119 Minn. 139 | Minn. | 1912

Start, C. J.

Appeal by the defendant from a judgment of the district court of the county of Eamsey, granting the plaintiff an absolute divorce on the ground of his cruel and inhuman treatment. The complaint alleged that the defendant during the times alleged therein falsely and persistently charged the plaintiff with infidelity and illicit intimacy with another man; that such charges were without any foundation whatever, and were made not only to the plaintiff, but to her sons, neighbors, and others; that on several occasions he threatened to kill her, and did choke and beat her; and, further, that such conduct of the defendant has seriously impaired her health.

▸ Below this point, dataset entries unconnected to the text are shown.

definition srefinement :: "'a nalg \<Rightarrow> 'a set \<Rightarrow> ('a \<Rightarrow> 'a) \<Rightarrow> bool" where
  "srefinement A T h \<longleftrightarrow>
     (\<forall>r\<in>T. h r \<in> carrier A \<and> subrel A (h r) r \<and> (r \<noteq> bot A \<longrightarrow> h r \<noteq> bot A))"

definition mrefinement ::
  "(nat \<Rightarrow> 'a nalg) \<Rightarrow> nat \<Rightarrow> (nat \<Rightarrow> 'a) set \<Rightarrow> ((nat \<Rightarrow> 'a) \<Rightarrow> (nat \<Rightarrow> 'a)) \<Rightarrow> bool" where
  "mrefinement A m S H \<longleftrightarrow>
     (\<forall>R\<in>S. H R \<in> mcarrier A m \<and> (\<forall>i<m. subrel (A i) (H R i) (R i)) \<and>
        ((\<forall>i<m. R i \<noteq> bot (A i)) \<longrightarrow> (\<forall>i<m. H R i \<noteq> bot (A i))))"

definition multi_refinement ::
  "(nat \<Rightarrow> 'a nalg) \<Rightarrow> nat \<Rightarrow> (nat \<Rightarrow> 'a) set \<Rightarrow> ((nat \<Rightarrow> 'a) \<Rightarrow> (nat \<Rightarrow> 'a))
     \<Rightarrow> (nat \<Rightarrow> 'a \<Rightarrow> 'a) \<Rightarrow> bool" where
  "multi_refinement A m S H h \<longleftrightarrow> mrefinement A m S H \<and>
     (\<forall>i<m. srefinement (A i) (slice S i) (h i)) \<and>
     (\<forall>R\<in>S. H R = (\<lambda>i\<in>{..<m}. h i (R i)))"

definition comp_stable ::
  "'v itself \<Rightarrow> (nat \<Rightarrow> 'a nalg) \<Rightarrow> nat \<Rightarrow> (nat \<Rightarrow> 'a) set \<Rightarrow> ((nat \<Rightarrow> 'a) \<Rightarrow> (nat \<Rightarrow> 'a)) \<Rightarrow> bool" where
  "comp_stable _ A m S H \<longleftrightarrow>
     (\<forall>(E::'v set) N. mnetwork A m S E N \<longrightarrow> mdcons A m E N \<longrightarrow>
        mdcons A m E (\<lambda>x y. H (N x y)))"

definition proj_stable ::
  "(nat \<Rightarrow> 'a nalg) \<Rightarrow> (nat \<Rightarrow> nat \<Rightarrow> 'a \<Rightarrow> 'a) \<Rightarrow> nat \<Rightarrow> (nat \<Rightarrow> 'a) set
     \<Rightarrow> ((nat \<Rightarrow> 'a) \<Rightarrow> (nat \<Rightarrow> 'a)) \<Rightarrow> bool" where
  "proj_stable A P m S H \<longleftrightarrow>
     (\<forall>R\<in>S. proj_consistent A P m R \<longrightarrow> proj_consistent A P m (H R))"

text \<open>The bi-slice S_{i,j}, viewed as a subset of the two-component multi-algebra
 A_i x A_j (component 0 = A_i, component 1 = A_j) with projections P i j, P j i.\<close>

definition bi_alg :: "(nat \<Rightarrow> 'a nalg) \<Rightarrow> nat \<Rightarrow> nat \<Rightarrow> nat \<Rightarrow> 'a nalg" where
  "bi_alg A i j = (\<lambda>k. if k = 0 then A i else A j)"

definition bi_proj :: "(nat \<Rightarrow> nat \<Rightarrow> 'a \<Rightarrow> 'a) \<Rightarrow> nat \<Rightarrow> nat \<Rightarrow> nat \<Rightarrow> nat \<Rightarrow> 'a \<Rightarrow> 'a" where
  "bi_proj P i j = (\<lambda>k l. if k = 0 then P i j else P j i)"

definition bi_slice :: "(nat \<Rightarrow> 'a) set \<Rightarrow> nat \<Rightarrow> nat \<Rightarrow> (nat \<Rightarrow> 'a) set" where
  "bi_slice S i j = (\<lambda>R. \<lambda>k\<in>{..<2::nat}. if k = 0 then R i else R j) ` S"

definition bi_ref :: "(nat \<Rightarrow> 'a \<Rightarrow> 'a) \<Rightarrow> nat \<Rightarrow> nat \<Rightarrow> (nat \<Rightarrow> 'a) \<Rightarrow> (nat \<Rightarrow> 'a)" where
  "bi_ref h i j = (\<lambda>R. \<lambda>k\<in>{..<2::nat}. if k = 0 then h i (R 0) else h j (R 1))"

end

theory Submission
  imports Defs
begin

text \<open>Both stability notions are local.  Composition consistency of a network is a condition
 on its triangles, slice by slice: a triangle of an arbitrary network, relabelled by \<open>{0,1,2}\<close>, is
 a three-variable network over a slice.  Projection consistency of a relation is a condition on
 pairs of its components, i.e. on its images in the bi-slices.\<close>

lemma sdcons_cong:
  assumes "\<And>x y. x \<in> E \<Longrightarrow> y \<in> E \<Longrightarrow> x \<noteq> y \<Longrightarrow> N x y = N' x y"
  shows "sdcons A E N \<longleftrightarrow> sdcons A E N'"
  using assms unfolding sdcons_def by simp

lemma sdcons_subset: "sdcons A E N \<Longrightarrow> F \<subseteq> E \<Longrightarrow> sdcons A F N"
  unfolding sdcons_def by blast

lemma snetwork_subset: "snetwork A T E N \<Longrightarrow> F \<subseteq> E \<Longrightarrow> snetwork A T F N"
  unfolding snetwork_def by (meson finite_subset subsetD)

lemma sdcons_reindex:
  assumes "inj_on g F"
  shows "sdcons A (g ` F) N \<longleftrightarrow> sdcons A F (\<lambda>a b. N (g a) (g b))"
  unfolding sdcons_def by (auto simp: inj_on_eq_iff[OF assms])

lemma snetwork_reindex:
  assumes "inj_on g F"
  shows "snetwork A T (g ` F) N \<longleftrightarrow> snetwork A T F (\<lambda>a b. N (g a) (g b))"
  unfolding snetwork_def by (auto simp: inj_on_eq_iff[OF assms] finite_image_iff[OF assms])

lemma sdcons_refine_if_triangles:
  assumes ref: "srefinement A T h"
    and triangles: "\<forall>(F::nat set) M. card F = 3 \<longrightarrow> snetwork A T F M \<longrightarrow>
                      sdcons A F M \<longrightarrow> sdcons A F (\<lambda>a b. h (M a b))"
    and net: "snetwork A T E N" and cons: "sdcons A E N"
  shows "sdcons A E (\<lambda>x y. h (N x y))"
  unfolding sdcons_def
proof (intro conjI ballI impI)
  \<comment> \<open>Nonemptiness needs the refinement property: triangles are of no use when \<open>card E = 2\<close>.\<close>
  fix x y assume "x \<in> E" "y \<in> E" "x \<noteq> y"
  then have "N x y \<in> T" "N x y \<noteq> bot A"
    using net cons unfolding snetwork_def sdcons_def by blast+
  then show "h (N x y) \<noteq> bot A"
    using ref unfolding srefinement_def by blast
next
  fix x y z assume xyz: "x \<in> E" "y \<in> E" "z \<in> E" "x \<noteq> y \<and> y \<noteq> z \<and> x \<noteq> z"
  define g :: "nat \<Rightarrow> _" where "g a = (if a = 0 then x else if a = 1 then y else z)" for a
  have inj: "inj_on g {0, 1, 2}" and img: "g ` {0, 1, 2} = {x, y, z}"
    using xyz by (auto simp: g_def inj_on_def)
  have triangle: "{x, y, z} \<subseteq> E"
    using xyz by simp
  have "snetwork A T {0, 1, 2} (\<lambda>a b. N (g a) (g b))"
    using snetwork_subset[OF net triangle] unfolding snetwork_reindex[OF inj, symmetric] img .
  moreover have "sdcons A {0, 1, 2} (\<lambda>a b. N (g a) (g b))"
    using sdcons_subset[OF cons triangle] unfolding sdcons_reindex[OF inj, symmetric] img .
  ultimately have "sdcons A {0, 1, 2} (\<lambda>a b. h (N (g a) (g b)))"
    by (intro triangles[rule_format]) simp_all
  then have "sdcons A {x, y, z} (\<lambda>x y. h (N x y))"
    by (simp only: img[symmetric] sdcons_reindex[OF inj])
  then show "subrel A (h (N x z)) (comp A (h (N x y)) (h (N y z)))"
    using xyz unfolding sdcons_def by blast
qed

lemma snetwork_slice:
  assumes "mnetwork A m S E N" and "i < m"
  shows "snetwork (A i) (slice S i) E (\<lambda>x y. N x y i)"
  unfolding snetwork_def
proof (intro conjI ballI impI)
  show "finite E"
    using assms(1) unfolding mnetwork_def by blast
  fix x y assume "x \<in> E" "y \<in> E" "x \<noteq> y"
  then have "N x y \<in> S" "N y x = mconv A m (N x y)"
    using assms(1) unfolding mnetwork_def by blast+
  then show "N x y i \<in> slice S i" "N y x i = conv (A i) (N x y i)"
    using assms(2) unfolding slice_def mconv_def by auto
qed

lemma multi_refinement_apply:
  "multi_refinement A m S H h \<Longrightarrow> R \<in> S \<Longrightarrow> i < m \<Longrightarrow> H R i = h i (R i)"
  unfolding multi_refinement_def by auto

lemma comp_stable_if_slices_triangle_stable:
  assumes H: "multi_refinement A m S H h"
    and triangles: "\<forall>i<m. \<forall>(F::nat set) M. card F = 3 \<longrightarrow> snetwork (A i) (slice S i) F M \<longrightarrow>
                      sdcons (A i) F M \<longrightarrow> sdcons (A i) F (\<lambda>a b. h i (M a b))"
  shows "comp_stable TYPE('v) A m S H"
  unfolding comp_stable_def mdcons_def
proof (intro allI impI)
  fix E :: "'v set" and N i
  assume net: "mnetwork A m S E N" and cons: "\<forall>i<m. sdcons (A i) E (\<lambda>x y. N x y i)" and "i < m"
  have "srefinement (A i) (slice S i) (h i)"
    using H \<open>i < m\<close> unfolding multi_refinement_def by blast
  from sdcons_refine_if_triangles[OF this triangles[THEN spec, THEN mp, OF \<open>i < m\<close>]
      snetwork_slice[OF net \<open>i < m\<close>]]
  have refined: "sdcons (A i) E (\<lambda>x y. h i (N x y i))"
    using cons \<open>i < m\<close> by blast
  have agree: "H (N x y) i = h i (N x y i)" if "x \<in> E" "y \<in> E" "x \<noteq> y" for x y
    using that net multi_refinement_apply[OF H _ \<open>i < m\<close>] unfolding mnetwork_def by blast
  show "sdcons (A i) E (\<lambda>x y. H (N x y) i)"
    by (rule iffD2[OF sdcons_cong refined]) (use agree in simp)
qed

definition bi_pair :: "(nat \<Rightarrow> 'a) \<Rightarrow> nat \<Rightarrow> nat \<Rightarrow> nat \<Rightarrow> 'a" where
  "bi_pair R i j = (\<lambda>k\<in>{..<2::nat}. if k = 0 then R i else R j)"

lemma bi_pair_in_bi_slice: "R \<in> S \<Longrightarrow> bi_pair R i j \<in> bi_slice S i j"
  unfolding bi_pair_def bi_slice_def by (rule imageI)

lemma bi_ref_bi_pair: "bi_ref h i j (bi_pair R i j) = bi_pair (\<lambda>k. h k (R k)) i j"
  unfolding bi_ref_def bi_pair_def by auto

lemma proj_consistent_bi_pair:
  "proj_consistent (bi_alg A i j) (bi_proj P i j) 2 (bi_pair R i j) \<longleftrightarrow>
     (R i \<noteq> bot (A i) \<longrightarrow> subrel (A j) (R j) (P i j (R i))) \<and>
     (R j \<noteq> bot (A j) \<longrightarrow> subrel (A i) (R i) (P j i (R j)))"
  unfolding proj_consistent_def bi_alg_def bi_proj_def bi_pair_def
  by (auto simp: less_2_cases_iff)

lemma proj_consistent_iff_bi_pairs:
  "proj_consistent A P m R \<longleftrightarrow>
     (\<forall>i<m. \<forall>j<m. i \<noteq> j \<longrightarrow> proj_consistent (bi_alg A i j) (bi_proj P i j) 2 (bi_pair R i j))"
  unfolding proj_consistent_bi_pair unfolding proj_consistent_def by blast

lemma proj_stable_if_bi_slices_proj_stable:
  assumes H: "multi_refinement A m S H h"
    and bi_stable: "\<forall>i<m. \<forall>j<m. i \<noteq> j \<longrightarrow>
                      proj_stable (bi_alg A i j) (bi_proj P i j) 2 (bi_slice S i j) (bi_ref h i j)"
  shows "proj_stable A P m S H"
  unfolding proj_stable_def
proof (intro ballI impI)
  fix R assume R: "R \<in> S" and "proj_consistent A P m R"
  then have cons: "proj_consistent (bi_alg A i j) (bi_proj P i j) 2 (bi_pair R i j)"
    if "i < m" "j < m" "i \<noteq> j" for i j
    using that proj_consistent_iff_bi_pairs by blast
  show "proj_consistent A P m (H R)"
  proof (rule iffD2[OF proj_consistent_iff_bi_pairs], intro allI impI)
    fix i j assume ij: "i < m" "j < m" "i \<noteq> j"
    have "H R i = h i (R i)" and "H R j = h j (R j)"
      using multi_refinement_apply[OF H R] ij by simp_all
    then have refined_pair: "bi_ref h i j (bi_pair R i j) = bi_pair (H R) i j"
      unfolding bi_ref_bi_pair unfolding bi_pair_def by (intro restrict_ext) simp
    have "proj_stable (bi_alg A i j) (bi_proj P i j) 2 (bi_slice S i j) (bi_ref h i j)"
      using bi_stable ij by blast
    then show "proj_consistent (bi_alg A i j) (bi_proj P i j) 2 (bi_pair (H R) i j)"
      unfolding proj_stable_def refined_pair[symmetric]
      using bi_pair_in_bi_slice[OF R] cons[OF ij] by blast
  qed
qed

theorem proposition6p18:
  fixes A :: "nat \<Rightarrow> 'a nalg" and P :: "nat \<Rightarrow> nat \<Rightarrow> 'a \<Rightarrow> 'a" and m :: nat
    and S :: "(nat \<Rightarrow> 'a) set" and H :: "(nat \<Rightarrow> 'a) \<Rightarrow> (nat \<Rightarrow> 'a)"
    and h :: "nat \<Rightarrow> 'a \<Rightarrow> 'a"
  assumes "multi_alg A P m"
    and "S \<subseteq> mcarrier A m"
    and "multi_refinement A m S H h"
  shows "((\<forall>i<m. \<forall>(E::nat set) N. card E = 3 \<longrightarrow> snetwork (A i) (slice S i) E N \<longrightarrow>
              sdcons (A i) E N \<longrightarrow> sdcons (A i) E (\<lambda>x y. h i (N x y)))
            \<longrightarrow> comp_stable TYPE('v) A m S H)
       \<and> ((\<forall>i<m. \<forall>j<m. i \<noteq> j \<longrightarrow>
              proj_stable (bi_alg A i j) (bi_proj P i j) 2 (bi_slice S i j) (bi_ref h i j))
            \<longrightarrow> proj_stable A P m S H)"
  using comp_stable_if_slices_triangle_stable[OF assms(3)]
    proj_stable_if_bi_slices_proj_stable[OF assms(3)]
  by blast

These allegations of the complaint were denied by the answer, which alleged, as a counterclaim or cross-bill, that the plaintiff was guilty of cruel and inhuman treatment of the defendant and had deserted him; that to deprive him of his property and to get possession thereof she, well knowing that he “was not insane, is not insane now, and never was insane,” charged him with being insane, and by the perjured testimony of herself and children caused him to be committed to the hospital for the insane at St. Peter.

The reply denied the allegations of the cross-bill and alleged that the defendant in 1909 was duly adjudged insane by the probate court and committed to the asylum for treatment.

On the trial of the cause, and after the plaintiff had rested her ease, the defendant offered in evidence the records of the probate court showing that the defendant was committed to the hospital for the insane for treatment. The plaintiff objected to the evidence as a defense to any acts of the defendant on the ground of insanity, for the reason that it was not pleaded, but no objection to the evidence was made if it was offered as tending to prove the allegations of the cross-bill. The objection was sustained. The defendant then asked leave to amend his answer so as to plead insanity as a defense to any alleged acts of cruelty committed prior to his commitment to the hospital. The plaintiff objected to the proposed amendment on the ground that it tendered entirely new issues. The court denied the application, and the defendant excepted to the ruling. The defendant then introduced the records of the probate court, to support the *141allegations of his cross-bill, which showed that the defendant was adjudged insane and committed to the hospital September 29, 1909, paroled January 21, 1910, and discharged April 5, 1910; that he was again adjudged insane on July 22, 1910, but, a bond having been .given for his safe-keeping, he was not sent to the hospital; and, further, that he was restored to capacity by the order of the probate ■court on December 14, 1910. He verified his answer herein on September 11, 1911.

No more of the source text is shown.